Usually when I am providing training on how to work with clients/students who have been through trauma, my first and most important recommendation is to regulate yourself. If you are dysregulated when a child is having a “stress response” or a “trauma response” then you are going to make the situation worse. This is because, when a child is having a “stress response” or a “trauma response”, they are not misbehaving (this term indicates that they are choosing to behave in specific way), their body and their nervous system is responding to a perceived threat. When we, as staff and teachers, are also dysregulated we are sending off signals of threat; this means that we are not helping the child to calm down we are telling their body to continue to react to the threat (us).

This ability to model regulation so that another person can start to regulate themselves is called “co-regulation”. There is also of documentation and research to show how effective this process is when working with… well, anyone who has a dysregulated nervous system, but especially for someone who has been through trauma. The Thai people are already doing this and did not need tons of instruction in this area. This was so beautiful to see!

I met with Camille Kolu (an amazing expert in the field of trauma) before I went to Thailand. We talked about what the most important topics of conversation/training would be for staff in Thailand. Camille brought up that there is research that shows there are six buffers to trauma. This means that are six things that can serve as a buffer and build resiliency in someone who has been through trauma. These buffers can increase someone’s ability to go through trauma without drowning in the trauma. These six barriers are:

  1. Nurturing Relationships in your life
  2. Exercise
  3. Stress Relief
  4. Mental Health
  5. Sleep
  6. Nutrition

The picture above shows the six barriers in Thai.

During the staff training, we introduced these six barriers and asked each staff member the following questions:

  • What buffer are you already getting a lot of?
  • What buffer do you need more of?
  • What can you actively start doing to get more of that buffer in your life?
  • Think of a child in your care and answer the same questions.

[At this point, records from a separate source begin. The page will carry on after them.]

(* Let $(S,d)$ be a metric space with at least two points. If $f\in\operatorname{ext}_*(B^S_{\mathrm{BL}})$, then $\inf_{x\in S}f(x)=-\sup_{x\in S}f(x)$. In particular, if $S$ is compact, then $f$ attains both values $\|f\|_\infty$ and $-\|f\|_\infty$.
   Context: $\mathrm{BL}(S)$ is the space of bounded real-valued Lipschitz functions on $S$, $|f|_L=\sup_{x\neq y}|f(x)-f(y)|/d(x,y)$, $\|f\|_{\mathrm{BL}}=\|f\|_\infty+|f|_L$, $B^S_{\mathrm{BL}}=\{f\in\mathrm{BL}(S):\|f\|_{\mathrm{BL}}\le1\}$, $\operatorname{ext}$ denotes extreme points, and $\operatorname{ext}_*(B^S_{\mathrm{BL}})=\operatorname{ext}(B^S_{\mathrm{BL}})\setminus\{f\in B^S_{\mathrm{BL}}:|f|=\mathbf{1}\}$. *)

theory Defs
  imports "HOL-Analysis.Analysis"
begin

definition sup_norm :: "('a \<Rightarrow> real) \<Rightarrow> real" where
  "sup_norm f = (SUP x. \<bar>f x\<bar>)"

definition lip_norm :: "('a::metric_space \<Rightarrow> real) \<Rightarrow> real" where
  "lip_norm f = (SUP p \<in> {(x,y). x \<noteq> y}. \<bar>f (fst p) - f (snd p)\<bar> / dist (fst p) (snd p))"

definition BL :: "('a::metric_space \<Rightarrow> real) set" where
  "BL = {f. bounded (range f) \<and> (\<exists>L. \<forall>x y. \<bar>f x - f y\<bar> \<le> L * dist x y)}"

definition bl_norm :: "('a::metric_space \<Rightarrow> real) \<Rightarrow> real" where
  "bl_norm f = sup_norm f + lip_norm f"

definition BL_ball :: "('a::metric_space \<Rightarrow> real) set" where
  "BL_ball = {f \<in> BL. bl_norm f \<le> 1}"

definition ext :: "('a \<Rightarrow> real) set \<Rightarrow> ('a \<Rightarrow> real) set" where
  "ext B = {f \<in> B. \<forall>g\<in>B. \<forall>h\<in>B. \<forall>t::real. 0 < t \<and> t < 1 \<and>
              f = (\<lambda>x. t * g x + (1 - t) * h x) \<longrightarrow> g = h}"

definition ext_star :: "('a::metric_space \<Rightarrow> real) set" where
  "ext_star = ext BL_ball - {f \<in> BL_ball. (\<lambda>x. \<bar>f x\<bar>) = (\<lambda>_. 1)}"

end

theory Submission
  imports Defs
begin

text \<open>Let \<open>M = sup f\<close> and \<open>m = inf f\<close>, and suppose \<open>M + m > 0\<close> (the case \<open>M + m < 0\<close> is
  symmetric). For small \<open>l > 0\<close> the values of \<open>f - l\<close> lie in \<open>[m - l, M - l]\<close>, an interval
  contained in \<open>[-(\<parallel>f\<parallel>\<^sub>\<infinity> - l), \<parallel>f\<parallel>\<^sub>\<infinity> - l]\<close>. Hence \<open>u = (f - l) / (1 - l)\<close> lies in the unit
  ball of \<open>BL(S)\<close>, and so does the constant \<open>1\<close>. Now \<open>f = (1 - l) u + l \<cdot> 1\<close> is a proper
  convex combination, so extremality forces \<open>u = 1\<close>, i.e. \<open>f = 1\<close>, which is excluded.\<close>

lemma sup_norm_le:
  assumes "\<And>x. \<bar>g x\<bar> \<le> A"
  shows "sup_norm g \<le> A"
  unfolding sup_norm_def by (rule cSUP_least) (auto intro: assms)

lemma lip_norm_le:
  fixes g :: "'a::metric_space \<Rightarrow> real"
  assumes two_points: "\<exists>x y::'a. x \<noteq> y" and "\<And>x y. \<bar>g x - g y\<bar> \<le> B * dist x y"
  shows "lip_norm g \<le> B"
  unfolding lip_norm_def
proof (rule cSUP_least)
  show "{(x, y). x \<noteq> (y::'a)} \<noteq> {}" using two_points by auto
next
  fix p :: "'a \<times> 'a" assume "p \<in> {(x, y). x \<noteq> y}"
  then show "\<bar>g (fst p) - g (snd p)\<bar> / dist (fst p) (snd p) \<le> B"
    using assms(2)[of "fst p" "snd p"] by (auto simp: divide_le_eq)
qed

lemma BL_bdd_above: "f \<in> BL \<Longrightarrow> bdd_above (range f)"
  and BL_bdd_below: "f \<in> BL \<Longrightarrow> bdd_below (range f)"
  by (auto simp: BL_def intro: bounded_imp_bdd_above bounded_imp_bdd_below)

lemma BL_abs_le_sup_norm:
  assumes "f \<in> BL"
  shows "\<bar>f x\<bar> \<le> sup_norm f"
proof -
  obtain K where "\<And>x. \<bar>f x\<bar> \<le> K"
    using assms by (auto simp: BL_def bounded_iff)
  then have "bdd_above (range (\<lambda>x. \<bar>f x\<bar>))" by (auto intro: bdd_aboveI[of _ K])
  then show ?thesis unfolding sup_norm_def by (rule cSUP_upper2) auto
qed

lemma BL_abs_diff_le_lip_norm:
  assumes "f \<in> BL"
  shows "\<bar>f x - f y\<bar> \<le> lip_norm f * dist x y"
proof (cases "x = y")
  case False
  from assms obtain L where L: "\<And>x y. \<bar>f x - f y\<bar> \<le> L * dist x y"
    unfolding BL_def by auto
  let ?q = "\<lambda>p. \<bar>f (fst p) - f (snd p)\<bar> / dist (fst p) (snd p)"
  have "bdd_above (?q ` {(x, y). x \<noteq> y})"
    using L by (intro bdd_aboveI[of _ L]) (auto simp: divide_le_eq)
  then have "\<bar>f x - f y\<bar> / dist x y \<le> lip_norm f"
    unfolding lip_norm_def using False by (auto intro: cSUP_upper2[of _ _ "(x, y)"])
  then show ?thesis using False by (simp add: divide_le_eq)
qed simp

lemma BL_continuous_on:
  assumes "f \<in> BL"
  shows "continuous_on S f"
proof -
  from assms obtain L where L: "\<And>x y. \<bar>f x - f y\<bar> \<le> L * dist x y"
    unfolding BL_def by auto
  have "\<bar>f x - f y\<bar> \<le> max 0 L * dist x y" for x y
    using L[of x y] mult_right_mono[of L "max 0 L" "dist x y"] by simp
  then have "lipschitz_on (max 0 L) S f"
    by (auto simp: lipschitz_on_def dist_real_def)
  then show ?thesis by (rule lipschitz_on_continuous_on)
qed

lemma BL_sup_norm_eq:
  assumes "f \<in> BL"
  shows "sup_norm f = max (SUP x. f x) (- (INF x. f x))"
proof (rule antisym)
  have "f x \<le> (SUP x. f x)" "(INF x. f x) \<le> f x" for x
    using assms by (auto intro: cSUP_upper cINF_lower BL_bdd_above BL_bdd_below)
  then show "sup_norm f \<le> max (SUP x. f x) (- (INF x. f x))"
    by (intro sup_norm_le abs_leI) (auto simp: le_max_iff_disj)
next
  have "(SUP x. f x) \<le> sup_norm f" "- sup_norm f \<le> (INF x. f x)"
    using BL_abs_le_sup_norm[OF assms] by (auto intro!: cSUP_least cINF_greatest simp: abs_le_iff minus_le_iff)
  then show "max (SUP x. f x) (- (INF x. f x)) \<le> sup_norm f" by simp
qed

lemma const_mem_BL_ball:
  assumes two_points: "\<exists>x y::'a::metric_space. x \<noteq> y" and "\<bar>s\<bar> \<le> 1"
  shows "(\<lambda>_::'a. s) \<in> BL_ball"
proof -
  have "bl_norm (\<lambda>_::'a. s) \<le> 1 + 0"
    unfolding bl_norm_def using assms
    by (intro add_mono sup_norm_le lip_norm_le[OF two_points]) auto
  then show ?thesis by (auto simp: BL_ball_def BL_def intro: exI[of _ 0])
qed

lemma rescaled_mem_BL_ball:
  fixes f :: "'a::metric_space \<Rightarrow> real"
  assumes two_points: "\<exists>x y::'a. x \<noteq> y" and "f \<in> BL_ball" and l: "0 < l" "l < 1"
    and bound: "\<And>x. \<bar>f x - c\<bar> \<le> sup_norm f - l"
  shows "(\<lambda>x. (f x - c) / (1 - l)) \<in> BL_ball"
proof -
  let ?u = "\<lambda>x. (f x - c) / (1 - l)"
  have f: "f \<in> BL" and norm_f: "sup_norm f + lip_norm f \<le> 1"
    using assms(2) by (auto simp: BL_ball_def bl_norm_def)
  have sup_u: "\<bar>?u x\<bar> \<le> (sup_norm f - l) / (1 - l)" for x
    using bound[of x] l by (simp add: divide_right_mono)
  have lip_u: "\<bar>?u x - ?u y\<bar> \<le> lip_norm f / (1 - l) * dist x y" for x y
  proof -
    have "\<bar>?u x - ?u y\<bar> = \<bar>f x - f y\<bar> / (1 - l)"
      using l by (simp add: diff_divide_distrib[symmetric])
    also have "\<dots> \<le> lip_norm f * dist x y / (1 - l)"
      using BL_abs_diff_le_lip_norm[OF f] l by (simp add: divide_right_mono)
    finally show ?thesis by simp
  qed
  have "?u \<in> BL"
    unfolding BL_def using sup_u lip_u by (auto simp: bounded_iff intro: exI[of _ "lip_norm f / (1 - l)"])
  moreover have "bl_norm ?u \<le> (sup_norm f - l) / (1 - l) + lip_norm f / (1 - l)"
    unfolding bl_norm_def by (intro add_mono sup_norm_le[OF sup_u] lip_norm_le[OF two_points lip_u])
  moreover have "\<dots> \<le> 1"
    using norm_f l by (simp add: add_divide_distrib[symmetric])
  ultimately show ?thesis by (simp add: BL_ball_def)
qed

lemma ext_BL_ball_eq_const:
  fixes f :: "'a::metric_space \<Rightarrow> real"
  assumes two_points: "\<exists>x y::'a. x \<noteq> y" and f: "f \<in> ext BL_ball"
    and s: "\<bar>s\<bar> \<le> 1" and l: "0 < l" "l < 1"
    and bound: "\<And>x. \<bar>f x - s * l\<bar> \<le> sup_norm f - l"
  shows "f = (\<lambda>_. s)"
proof -
  let ?u = "\<lambda>x. (f x - s * l) / (1 - l)"
  have extremal: "\<forall>g\<in>BL_ball. \<forall>h\<in>BL_ball. \<forall>t::real. 0 < t \<and> t < 1 \<and>
      f = (\<lambda>x. t * g x + (1 - t) * h x) \<longrightarrow> g = h" and "f \<in> BL_ball"
    using f by (auto simp: ext_def)
  have u: "?u \<in> BL_ball"
    using \<open>f \<in> BL_ball\<close> l bound by (rule rescaled_mem_BL_ball[OF two_points])
  have const: "(\<lambda>_::'a. s) \<in> BL_ball"
    using two_points s by (rule const_mem_BL_ball)
  have decomp: "f = (\<lambda>x. (1 - l) * ?u x + (1 - (1 - l)) * s)"
    using l by (auto simp: field_simps)
  have "?u = (\<lambda>_. s)"
    using extremal[rule_format, OF u const, of "1 - l"] l decomp by simp
  then show ?thesis
    using l by (auto simp: fun_eq_iff field_simps)
qed

lemma ext_BL_ball_eq_sgn:
  fixes f :: "'a::metric_space \<Rightarrow> real"
  assumes two_points: "\<exists>x y::'a. x \<noteq> y" and f: "f \<in> ext BL_ball"
    and asym: "(INF x. f x) \<noteq> - (SUP x. f x)"
  shows "f = (\<lambda>_. sgn ((SUP x. f x) + (INF x. f x)))"
proof -
  define M where "M = (SUP x. f x)"
  define m where "m = (INF x. f x)"
  define s where "s = sgn (M + m)"
  define l where "l = min (\<bar>M + m\<bar> / 2) (1 / 2)"
  have "f \<in> BL" using f by (auto simp: ext_def BL_ball_def)
  then have range_f: "m \<le> f x" "f x \<le> M" for x
    unfolding M_def m_def by (auto intro: cSUP_upper cINF_lower BL_bdd_above BL_bdd_below)
  have norm_f: "M \<le> sup_norm f" "- m \<le> sup_norm f"
    using BL_sup_norm_eq[OF \<open>f \<in> BL\<close>] unfolding M_def m_def by auto
  have s: "s = 1 \<and> 0 < M + m \<or> s = -1 \<and> M + m < 0"
    using asym unfolding s_def M_def m_def by (auto simp: sgn_if)
  have l: "0 < l" "l < 1" "2 * l \<le> \<bar>M + m\<bar>"
    using asym unfolding l_def M_def m_def by (auto simp: min_def)
  have bound: "\<bar>f x - s * l\<bar> \<le> sup_norm f - l" for x
    using s l range_f[of x] norm_f by (auto simp: abs_le_iff)
  have "f = (\<lambda>_. s)"
    by (rule ext_BL_ball_eq_const[OF two_points f _ l(1,2) bound]) (auto simp: s_def sgn_if)
  then show ?thesis unfolding s_def M_def m_def .
qed

lemma BL_attains_sup_norm:
  fixes f :: "'a::metric_space \<Rightarrow> real"
  assumes "compact (UNIV :: 'a set)" and f: "f \<in> BL"
    and sym: "(INF x. f x) = - (SUP x. f x)"
  shows "(\<exists>x. f x = sup_norm f) \<and> (\<exists>y. f y = - sup_norm f)"
proof -
  have cont: "continuous_on UNIV f" using f by (rule BL_continuous_on)
  obtain a where a: "\<And>x. f x \<le> f a"
    using continuous_attains_sup[OF assms(1) _ cont] by auto
  obtain b where b: "\<And>x. f b \<le> f x"
    using continuous_attains_inf[OF assms(1) _ cont] by auto
  have "(SUP x. f x) = f a" "(INF x. f x) = f b"
    using a b by (auto intro!: antisym cSUP_least cINF_greatest cSUP_upper2 cINF_lower2
        BL_bdd_above BL_bdd_below f)
  moreover have "sup_norm f = (SUP x. f x)"
    using BL_sup_norm_eq[OF f] sym by simp
  ultimately show ?thesis using sym by metis
qed

theorem lemma3p4:
  fixes f :: "'a::metric_space \<Rightarrow> real"
  assumes two_points: "\<exists>x y::'a. x \<noteq> y"
    and f_ext: "f \<in> ext_star"
  shows "(INF x. f x) = - (SUP x. f x) \<and>
         (compact (UNIV :: 'a set) \<longrightarrow>
           (\<exists>x. f x = sup_norm f) \<and> (\<exists>y. f y = - sup_norm f))"
proof -
  have f: "f \<in> ext BL_ball" and "f \<in> BL" and not_unimodular: "(\<lambda>x. \<bar>f x\<bar>) \<noteq> (\<lambda>_. 1)"
    using f_ext by (auto simp: ext_star_def ext_def BL_ball_def)
  have sym: "(INF x. f x) = - (SUP x. f x)"
  proof (rule ccontr)
    assume asym: "(INF x. f x) \<noteq> - (SUP x. f x)"
    then have "(\<lambda>x. \<bar>f x\<bar>) = (\<lambda>_. 1)"
      by (subst ext_BL_ball_eq_sgn[OF two_points f asym]) (auto simp: abs_sgn)
    with not_unimodular show False ..
  qed
  with \<open>f \<in> BL\<close> show ?thesis
    using BL_attains_sup_norm by blast
qed

end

It was especially pertinent to have the staff do this exercise for themselves. Working with individuals who have been through trauma can be so difficult and can cause vicarious trauma and burnout. I felt that it was especially important to address this and provide validation for the staff who are already doing a very hard work. Additionally, when the staff are taking care of themselves, they will be better able to take care of the children in the orphanage.

We got an incredible reception from this exercise. The staff said that they felt “heard” and “seen”. They also felt like they had a renewed energy and commitment to working with the children.

What I learned from this experience is that there are a lot of cultures that are already working well with people who have been through trauma. And America can and should learn a lot from those cultures.